Sísif i la crisi de la democràcia actual.

No teman. No voy a hacer un llamamiento a la revolución. En lo que a Europa se refiere, la revolución se produjo por última vez en el siglo XX, y por cierto en plural, con los resultados conocidos, entre los que estuvieron contrarrevoluciones y genocidios. Se trata más bien, desde el interior de toda la sociedad, de formular, como entre tanto hacen muchos ciudadanos, preguntas reivindicativas: ¿es asumible aún un sistema capitalista que se prescribe forzosamente a la democracia, en el que la economía financiera se ha separado en gran parte de la economía real, aunque la amenace una y otra vez con crisis de fabricación doméstica? ¿Deben seguir siendo válidos para nosotros artículos de fe como mercado, consumo y beneficio, sustitutivos de la religión?

Para mí, en cualquier caso, es evidente que el sistema capitalista, fomentado por el neoliberalismo y sin alternativa, tal como se nos presenta, ha degenerado en una maquinaria de destrucción del capital y, lejos de la economía social de mercado en otro tiempo exitosa, solo se complace en sí mismo; es un Moloc, asocial y no refrenado eficazmente por ninguna ley.

Por eso se plantea la pregunta: la forma de Estado que hemos elegido, es decir, la democracia parlamentaria, ¿tiene aún la voluntad y la fuerza necesarias para apartar esa desintegración que la invade? ¿O en lo sucesivo deberá relegarse al terreno de lo optativo cualquier intento de reforma, de someter a control a los bancos y su forma de manejar el capital -es decir, de obligarlos a trabajar para el bien común- con la frase hasta ahora habitual "eso, en el mejor de los casos, solo puede resolverse globalmente"?

Una cosa me parece segura: si las democracias occidentales demuestran ser incapaces de hacer frente con reformas fundamentales a los peligros reales inminentes y a los previsibles, no podrán soportar lo que en los próximos años resultará ineludible: crisis que empollarán otras crisis, el aumento irrefrenable de la población mundial, los flujos de refugiados desencadendos por la falta de agua, el hambre y el empobrecimiento, y el cambio climático fabricado por el hombre.
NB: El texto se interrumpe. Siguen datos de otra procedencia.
(* Let $C\subset \mathbb{C}P^2$ be the Klein quartic $\{(X:Y:Z): X^3Y+Y^3Z+Z^3X=0\}$, with affine coordinates $x=X^3Y^{-2}Z^{-1}+1$, $y=-XY^{-1}$, so that $y^7=x(1-x)^2$ on $C$. Let $\zeta_7=\exp(2\pi\sqrt{-1}/7)$, let $e_0\colon[0,1]\to C$ be the path $e_0(t)=(t,\sqrt[7]{t(1-t)^2})$ (real nonnegative seventh root), let $\sigma\colon C\to C$ be the automorphism $\sigma(x,y)=(x,\zeta_7 y)$, and for $k=0,1,\dots,7$ let $\ell_k$ be the loop $\sigma^{k-1}_\ast(e_0)\cdot\sigma^{k}_\ast(e_0)^{-1}$ (first traverse $\sigma^{k-1}\circ e_0$, then $\sigma^k\circ e_0$ backwards). Let $\omega'_1=(1-x)\,dx/y^6$, $\omega'_2=(1-x)\,dx/y^5$, $\omega'_3=dx/y^3$, let $(h_1,h_2,h_3,h_4)=(1/7,2/7,4/7,1/7)$ and $\xi_i=\zeta_7^{7h_i}$. Then for $i=1,2,3$ and every $k$, $$\int_{\ell_k}\omega'_i=(\xi_i^{k-1}-\xi_i^{k})\,B(h_i,h_{i+1}),$$ where $B(u,v)=\int_0^1 t^{u-1}(1-t)^{v-1}\,dt$ is the beta function.
   Context: The forms $\omega'_1,\omega'_2,\omega'_3$ form a basis of the holomorphic $1$-forms on the genus-$3$ curve $C$. Thus $\xi_1=\zeta_7$, $\xi_2=\zeta_7^2$, $\xi_3=\zeta_7^4$. *)

theory Defs
  imports "HOL-Analysis.Analysis"
begin

definition klein_affine :: "(complex \<times> complex) set" where
  "klein_affine = {(x, y). y ^ 7 = x * (1 - x)\<^sup>2}"

definition zeta7 :: complex where
  "zeta7 = exp (2 * of_real pi * \<i> / 7)"

definition e0 :: "real \<Rightarrow> complex \<times> complex" where
  "e0 t = (complex_of_real t, complex_of_real (root 7 (t * (1 - t)\<^sup>2)))"

definition sigma_pow :: "int \<Rightarrow> complex \<times> complex \<Rightarrow> complex \<times> complex" where
  "sigma_pow j p = (fst p, zeta7 powi j * snd p)"

definition loop_l :: "int \<Rightarrow> real \<Rightarrow> complex \<times> complex" where
  "loop_l k = (sigma_pow (k - 1) \<circ> e0) +++ reversepath (sigma_pow k \<circ> e0)"

text \<open>The forms omega'_i = f_i(x,y) dx.\<close>
fun omega' :: "nat \<Rightarrow> complex \<Rightarrow> complex \<Rightarrow> complex" where
  "omega' (Suc 0) x y = (1 - x) / y ^ 6"
| "omega' (Suc (Suc 0)) x y = (1 - x) / y ^ 5"
| "omega' (Suc (Suc (Suc 0))) x y = 1 / y ^ 3"
| "omega' _ x y = 0"

text \<open>Integral of the 1-form f(x,y) dx along a path g : [0,1] -> C^2 has value I
  (Henstock-Kurzweil integral, which covers the improper integrals at the endpoints).\<close>
definition dx_form_integral :: "(complex \<Rightarrow> complex \<Rightarrow> complex) \<Rightarrow> (real \<Rightarrow> complex \<times> complex)
    \<Rightarrow> complex \<Rightarrow> bool" where
  "dx_form_integral f g I \<longleftrightarrow>
     ((\<lambda>t. f (fst (g t)) (snd (g t)) * vector_derivative (\<lambda>s. fst (g s)) (at t within {0..1}))
        has_integral I) {0..1}"

fun hexp :: "nat \<Rightarrow> real" where
  "hexp (Suc 0) = 1/7"
| "hexp (Suc (Suc 0)) = 2/7"
| "hexp (Suc (Suc (Suc 0))) = 4/7"
| "hexp (Suc (Suc (Suc (Suc 0)))) = 1/7"
| "hexp _ = 0"

definition xi :: "nat \<Rightarrow> complex" where
  "xi i = zeta7 powr complex_of_real (7 * hexp i)"

end

theory Submission
  imports Defs
begin

text \<open>On \<open>\<sigma>^j \<circ> e_0\<close> one has \<open>x = t\<close> and \<open>y = \<zeta>^j (t(1-t)^2)^(1/7)\<close>. Each \<open>\<omega>'_i\<close> has the
  shape \<open>(1-x)^m dx / y^n\<close> with \<open>n \<le> 7\<close>, so it pulls back to
  \<open>\<zeta>^(-jn) t^(-n/7) (1-t)^(m-2n/7) dt = \<xi>_i^j t^(h_i-1) (1-t)^(h_(i+1)-1) dt\<close>,
  since \<open>\<zeta>^(-n) = \<zeta>^(7-n) = \<xi>_i\<close>. Its integral is \<open>\<xi>_i^j B(h_i, h_(i+1))\<close>, and \<open>\<ell>_k\<close> runs
  forward along the path with \<open>j = k - 1\<close> and backward along the one with \<open>j = k\<close>.\<close>

lemma zeta7_pow_7: "zeta7 ^ 7 = 1"
proof -
  have "of_nat 7 * (2 * of_real pi * \<i> / 7) = 2 * of_real pi * (\<i>::complex)"
    by simp
  then show ?thesis
    by (simp only: zeta7_def exp_of_nat_mult[symmetric] exp_two_pi_i)
qed

lemma xi_eq_zeta7_power:
  assumes "7 * hexp i = real n"
  shows "xi i = zeta7 ^ n"
proof -
  have "complex_of_real (7 * hexp i) = of_nat n"
    using assms by simp
  moreover have "zeta7 \<noteq> 0"
    unfolding zeta7_def by simp
  ultimately show ?thesis
    unfolding xi_def by (simp add: powr_nat')
qed

lemma omega'_monomial:
  assumes "i \<in> {1, 2, 3}"
  obtains n m :: nat where "n \<le> 7" and "\<And>x y. omega' i x y = (1 - x) ^ m / y ^ n"
    and "xi i = zeta7 ^ (7 - n)"
    and "hexp i = 1 - real n / 7" and "hexp (i + 1) = 1 + real m - 2 * real n / 7"
proof -
  consider "i = 1" | "i = 2" | "i = 3"
    using assms by auto
  then show thesis
  proof cases
    case 1
    then show thesis
      by (intro that[of 6 1] xi_eq_zeta7_power) (auto simp: numeral_eq_Suc)
  next
    case 2
    then show thesis
      by (intro that[of 5 1] xi_eq_zeta7_power) (auto simp: numeral_eq_Suc)
  next
    case 3
    then show thesis
      by (intro that[of 3 0] xi_eq_zeta7_power) (auto simp: numeral_eq_Suc)
  qed
qed

lemma one_minus_pow_div_root_pow:
  fixes s :: real
  assumes "0 < s" "s < 1" "0 < N"
  shows "(1 - s) ^ m / root N (s * (1 - s)\<^sup>2) ^ n
           = s powr (- n / N) * (1 - s) powr (m - 2 * n / N)"
proof -
  have "root N (s * (1 - s)\<^sup>2) = (s * (1 - s)\<^sup>2) powr (1 / N)"
    using assms by (simp add: root_powr_inverse)
  also have "\<dots> = s powr (1 / N) * ((1 - s) powr 2) powr (1 / N)"
    using assms by (simp add: powr_mult)
  finally have "root N (s * (1 - s)\<^sup>2) ^ n = (s powr (1 / N) * (1 - s) powr (2 / N)) ^ n"
    by (simp add: powr_powr)
  also have "\<dots> = s powr (real n / N) * (1 - s) powr (2 * real n / N)"
    using assms by (simp add: power_mult_distrib powr_power ac_simps)
  finally have "(1 - s) ^ m / root N (s * (1 - s)\<^sup>2) ^ n
      = (1 - s) powr real m / (s powr (real n / N) * (1 - s) powr (2 * real n / N))"
    using assms by (simp add: powr_realpow)
  also have "\<dots> = s powr (- real n / N) * (1 - s) powr (real m - 2 * real n / N)"
    by (simp add: powr_diff powr_minus_divide)
  finally show ?thesis .
qed

lemma omega'_along_sigma_pow_e0:
  assumes "i \<in> {1, 2, 3}" "0 < s" "s < 1"
  shows "omega' i (of_real s) (snd ((sigma_pow j \<circ> e0) s))
           = xi i powi j * of_real (s powr (hexp i - 1) * (1 - s) powr (hexp (i + 1) - 1))"
proof -
  obtain n m :: nat where "n \<le> 7" and omega: "\<And>x y. omega' i x y = (1 - x) ^ m / y ^ n"
    and xi: "xi i = zeta7 ^ (7 - n)"
    and "hexp i = 1 - real n / 7" and "hexp (i + 1) = 1 + real m - 2 * real n / 7"
    using omega'_monomial[OF assms(1)] by metis
  then have "hexp i - 1 = - real n / 7" and "hexp (i + 1) - 1 = real m - 2 * real n / 7"
    by simp_all
  then have beta: "(1 - s) ^ m / root 7 (s * (1 - s)\<^sup>2) ^ n
      = s powr (hexp i - 1) * (1 - s) powr (hexp (i + 1) - 1)"
    using one_minus_pow_div_root_pow[of s 7 m n] assms by simp
  define w where "w = zeta7 powi j"
  have "w ^ n * w ^ (7 - n) = w ^ 7"
    using \<open>n \<le> 7\<close> by (simp flip: power_add)
  also have "\<dots> = (zeta7 ^ 7) powi j"
    by (simp add: w_def power_int_power power_int_power' mult.commute)
  finally have "w ^ n * w ^ (7 - n) = 1"
    by (simp add: zeta7_pow_7)
  then have inverse_w: "inverse (w ^ n) = w ^ (7 - n)"
    by (rule inverse_unique)
  have "omega' i (of_real s) (snd ((sigma_pow j \<circ> e0) s))
      = (1 - of_real s) ^ m / (w * of_real (root 7 (s * (1 - s)\<^sup>2))) ^ n"
    by (simp add: omega sigma_pow_def e0_def w_def)
  also have "\<dots> = w ^ (7 - n) * of_real ((1 - s) ^ m / root 7 (s * (1 - s)\<^sup>2) ^ n)"
    unfolding inverse_w[symmetric] by (simp add: power_mult_distrib divide_inverse ac_simps)
  also have "w ^ (7 - n) = xi i powi j"
    by (simp add: xi w_def power_int_power power_int_power' mult.commute)
  finally show ?thesis
    by (simp only: beta)
qed

lemma has_integral_rescale_to_halves:
  fixes F :: "real \<Rightarrow> 'a::real_normed_vector"
  assumes "(F has_integral I) {0..1}"
  shows "((\<lambda>t. 2 *\<^sub>R F (2 * t)) has_integral I) {0..1/2}"
    and "((\<lambda>t. 2 *\<^sub>R F (2 - 2 * t)) has_integral I) {1/2..1}"
proof -
  have F: "(F has_integral I) (cbox 0 1)"
    using assms by simp
  have "(\<lambda>x. (1 / 2) *\<^sub>R x + - ((1 / 2) *\<^sub>R 0)) ` cbox 0 (1::real) = {0..1/2}"
    using image_affinity_atLeastAtMost[of "1/2" 0 0 "1::real"] by simp
  then have "((\<lambda>t. F (2 * t)) has_integral (1 / 2) *\<^sub>R I) {0..1/2}"
    using has_integral_affinity[OF F, of 2 0] by simp
  from has_integral_cmul[OF this, of 2]
  show "((\<lambda>t. 2 *\<^sub>R F (2 * t)) has_integral I) {0..1/2}"
    by simp
  have "(\<lambda>x. (1 / -2) *\<^sub>R x + - ((1 / -2) *\<^sub>R 2)) ` cbox 0 (1::real) = {1/2..1}"
    using image_affinity_atLeastAtMost[of "-1/2" 1 0 "1::real"] by simp
  then have "((\<lambda>t. F (2 - 2 * t)) has_integral (1 / 2) *\<^sub>R I) {1/2..1}"
    using has_integral_affinity[OF F, of "-2" 2] by (simp add: algebra_simps)
  from has_integral_cmul[OF this, of 2]
  show "((\<lambda>t. 2 *\<^sub>R F (2 - 2 * t)) has_integral I) {1/2..1}"
    by simp
qed

lemma dx_form_integral_real_param_iff:
  assumes "\<And>t. fst (g t) = of_real t"
  shows "dx_form_integral f g I \<longleftrightarrow> ((\<lambda>t. f (of_real t) (snd (g t))) has_integral I) {0..1}"
proof -
  have "(\<lambda>s. fst (g s)) = complex_of_real"
    using assms by auto
  moreover have "(complex_of_real has_vector_derivative 1) (at t)" for t
    using has_vector_derivative_of_real[OF DERIV_ident] by simp
  ultimately have "((\<lambda>s. fst (g s)) has_vector_derivative 1) (at t)" for t
    by simp
  then have "vector_derivative (\<lambda>s. fst (g s)) (at t within {0..1}) = 1" if "t \<in> {0..1}" for t
    using that by (simp add: vector_derivative_at_within_ivl)
  then show ?thesis
    unfolding dx_form_integral_def using assms by (intro has_integral_cong) simp
qed

lemma dx_form_integral_joinpaths_reversepath:
  assumes "\<And>t. fst (g1 t) = of_real t" and "\<And>t. fst (g2 t) = of_real t"
    and "dx_form_integral f g1 I1" and "dx_form_integral f g2 I2"
  shows "dx_form_integral f (g1 +++ reversepath g2) (I1 - I2)"
proof -
  define F1 where "F1 t = f (of_real t) (snd (g1 t))" for t
  define F2 where "F2 t = f (of_real t) (snd (g2 t))" for t
  have F1: "(F1 has_integral I1) {0..1}" and F2: "(F2 has_integral I2) {0..1}"
    using assms dx_form_integral_real_param_iff unfolding F1_def F2_def by blast+
  have half1: "((\<lambda>t. 2 * F1 (2 * t)) has_integral I1) {0..1/2}"
    using has_integral_rescale_to_halves(1)[OF F1] by (simp add: scaleR_conv_of_real)
  have half2: "((\<lambda>t. - (2 * F2 (2 - 2 * t))) has_integral - I2) {1/2..1}"
    using has_integral_neg[OF has_integral_rescale_to_halves(2)[OF F2]] by (simp add: scaleR_conv_of_real)
  define H where "H t = (if t \<le> 1/2 then 2 * F1 (2 * t) else - (2 * F2 (2 - 2 * t)))" for t
  have "(H has_integral I1) {0..1/2}"
    by (rule has_integral_spike_finite[OF _ _ half1, of "{}"]) (auto simp: H_def)
  moreover have "(H has_integral - I2) {1/2..1}"
    by (rule has_integral_spike_finite[OF _ _ half2, of "{1/2}"]) (auto simp: H_def)
  ultimately have H: "(H has_integral I1 - I2) {0..1}"
    using has_integral_combine[of 0 "1/2" 1 H I1 "- I2"] by simp
  define x where "x s = fst ((g1 +++ reversepath g2) s)" for s
  have x: "x s = of_real (if s \<le> 1/2 then 2 * s else 2 - 2 * s)" for s
    using assms(1,2) by (simp add: x_def joinpaths_def reversepath_def)
  have "vector_derivative x (at t within {0..1}) = 2" if "0 < t" "t < 1/2" for t
  proof -
    have "((\<lambda>s. complex_of_real (2 * s)) has_vector_derivative 2) (at t)"
      by (intro has_vector_derivative_of_real derivative_eq_intros) auto
    then have "(x has_vector_derivative 2) (at t)"
      by (rule has_vector_derivative_transform_within_open[of _ _ _ "{..<1/2}"]) (use that x in auto)
    then show ?thesis
      using that by (simp add: vector_derivative_at_within_ivl)
  qed
  moreover have "vector_derivative x (at t within {0..1}) = -2" if "1/2 < t" "t < 1" for t
  proof -
    have "((\<lambda>s. complex_of_real (2 - 2 * s)) has_vector_derivative -2) (at t)"
      by (intro has_vector_derivative_of_real derivative_eq_intros) auto
    then have "(x has_vector_derivative -2) (at t)"
      by (rule has_vector_derivative_transform_within_open[of _ _ _ "{1/2<..}"]) (use that x in auto)
    then show ?thesis
      using that by (simp add: vector_derivative_at_within_ivl)
  qed
  ultimately have "f (x t) (snd ((g1 +++ reversepath g2) t)) * vector_derivative x (at t within {0..1}) = H t"
    if "t \<in> {0..1} - {0, 1/2, 1}" for t
    using that by (auto simp: x H_def F1_def F2_def joinpaths_def reversepath_def)
  then show ?thesis
    unfolding dx_form_integral_def x_def[symmetric]
    by (intro has_integral_spike_finite[OF _ _ H, of "{0, 1/2, 1}"]) auto
qed

lemma fst_sigma_pow_e0: "fst ((sigma_pow j \<circ> e0) t) = of_real t"
  by (simp add: sigma_pow_def e0_def)

lemma dx_form_integral_omega'_sigma_pow_e0:
  assumes "i \<in> {1, 2, 3}"
  shows "dx_form_integral (omega' i) (sigma_pow j \<circ> e0)
           (xi i powi j * of_real (Beta (hexp i) (hexp (i + 1))))"
proof -
  have "hexp i > 0" and "hexp (i + 1) > 0"
    using assms by (auto simp: numeral_eq_Suc)
  then have "((\<lambda>t. of_real (t powr (hexp i - 1) * (1 - t) powr (hexp (i + 1) - 1)))
      has_integral complex_of_real (Beta (hexp i) (hexp (i + 1)))) {0..1}"
    by (intro has_integral_of_real has_integral_Beta_real)
  then have beta: "((\<lambda>t. xi i powi j * of_real (t powr (hexp i - 1) * (1 - t) powr (hexp (i + 1) - 1)))
      has_integral xi i powi j * of_real (Beta (hexp i) (hexp (i + 1)))) {0..1}"
    by (rule has_integral_mult_right)
  have "((\<lambda>t. omega' i (of_real t) (snd ((sigma_pow j \<circ> e0) t)))
      has_integral xi i powi j * of_real (Beta (hexp i) (hexp (i + 1)))) {0..1}"
    by (rule has_integral_spike_finite[OF _ _ beta, of "{0, 1}"])
      (use omega'_along_sigma_pow_e0 assms in auto)
  then show ?thesis
    by (simp only: dx_form_integral_real_param_iff[OF fst_sigma_pow_e0])
qed

theorem lemma4p1:
  fixes i :: nat and k :: int
  assumes "i \<in> {1, 2, 3}" and "0 \<le> k" and "k \<le> 7"
  shows "dx_form_integral (omega' i) (loop_l k)
           ((xi i powi (k - 1) - xi i powi k) * complex_of_real (Beta (hexp i) (hexp (i + 1))))"
  using dx_form_integral_joinpaths_reversepath[OF fst_sigma_pow_e0 fst_sigma_pow_e0
      dx_form_integral_omega'_sigma_pow_e0[OF assms(1)] dx_form_integral_omega'_sigma_pow_e0[OF assms(1)]]
  unfolding loop_l_def by (simp add: left_diff_distrib)

end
Sin embargo, una desintegración del orden democrático haría surgir -de lo que hay suficientes ejemplos- un vacío que podrían ocupar fuerzas cuya descripción rebasa nuestra imaginación, por mucho que seamos gatos escaldados y estemos marcados por las consecuencias todavía visibles del fascismo y el estalinismo.

¿Exagero? Si lo hago, no lo suficiente. Con ayuda de solo algunos ejemplos había que hacer visibles los puntos ciegos. Que no faltan. Además habría que quejarse del poder de los consorcios en el ámbito de la prensa, de las inefables tertulias de la televisión pública y del oportunismo hoy socialmente aceptable, tal como se difunde a diario con la tinta fresca. Sin embargo, de eso ustedes, a quienes se recomienda más o menos insistentemente una "información equilibrada", como suavizante, pueden hablar con más precisión.

Más bien parece apropiado citar otra vez al santo patrón de esta conferencia. Cuando yo era joven, y durante los primeros años de la posguerra trataba de orientarme en un entorno destruido por el desvarío ideológico, se me presentó la variedad francesa del existencialismo. Estaba casi de moda dárselas de existencialista y vestirse de oscuro. Y especialmente era la disputa entre Sartre y Camus la que salpicaba por encima de la frontera, llegando a los talleres de la Academia de Bellas Artes de Düsseldorf, en la que yo aprendía mi primera profesión de escultor, y donde provocaba debates que, naturalmente, eran muy enconados. La ignorancia no impedía apasionarse y vociferar. Solo más tarde me decidí por Camus. Me impresionó su visión del hombre rebelde, es decir, su defensa de la oposición permanente. Cuando más o menos a mediados de los cincuenta apareció El mito de Sísifo en traducción alemana, fueron sus frases las que me mostraron el camino. Por ejemplo, la definición de felicidad: "Hace del destino un asunto del hombre, que debe ser resuelto por los hombres". A la que se añade la hermosa certeza: "Las verdades aplastantes perecen al ser reconocidas".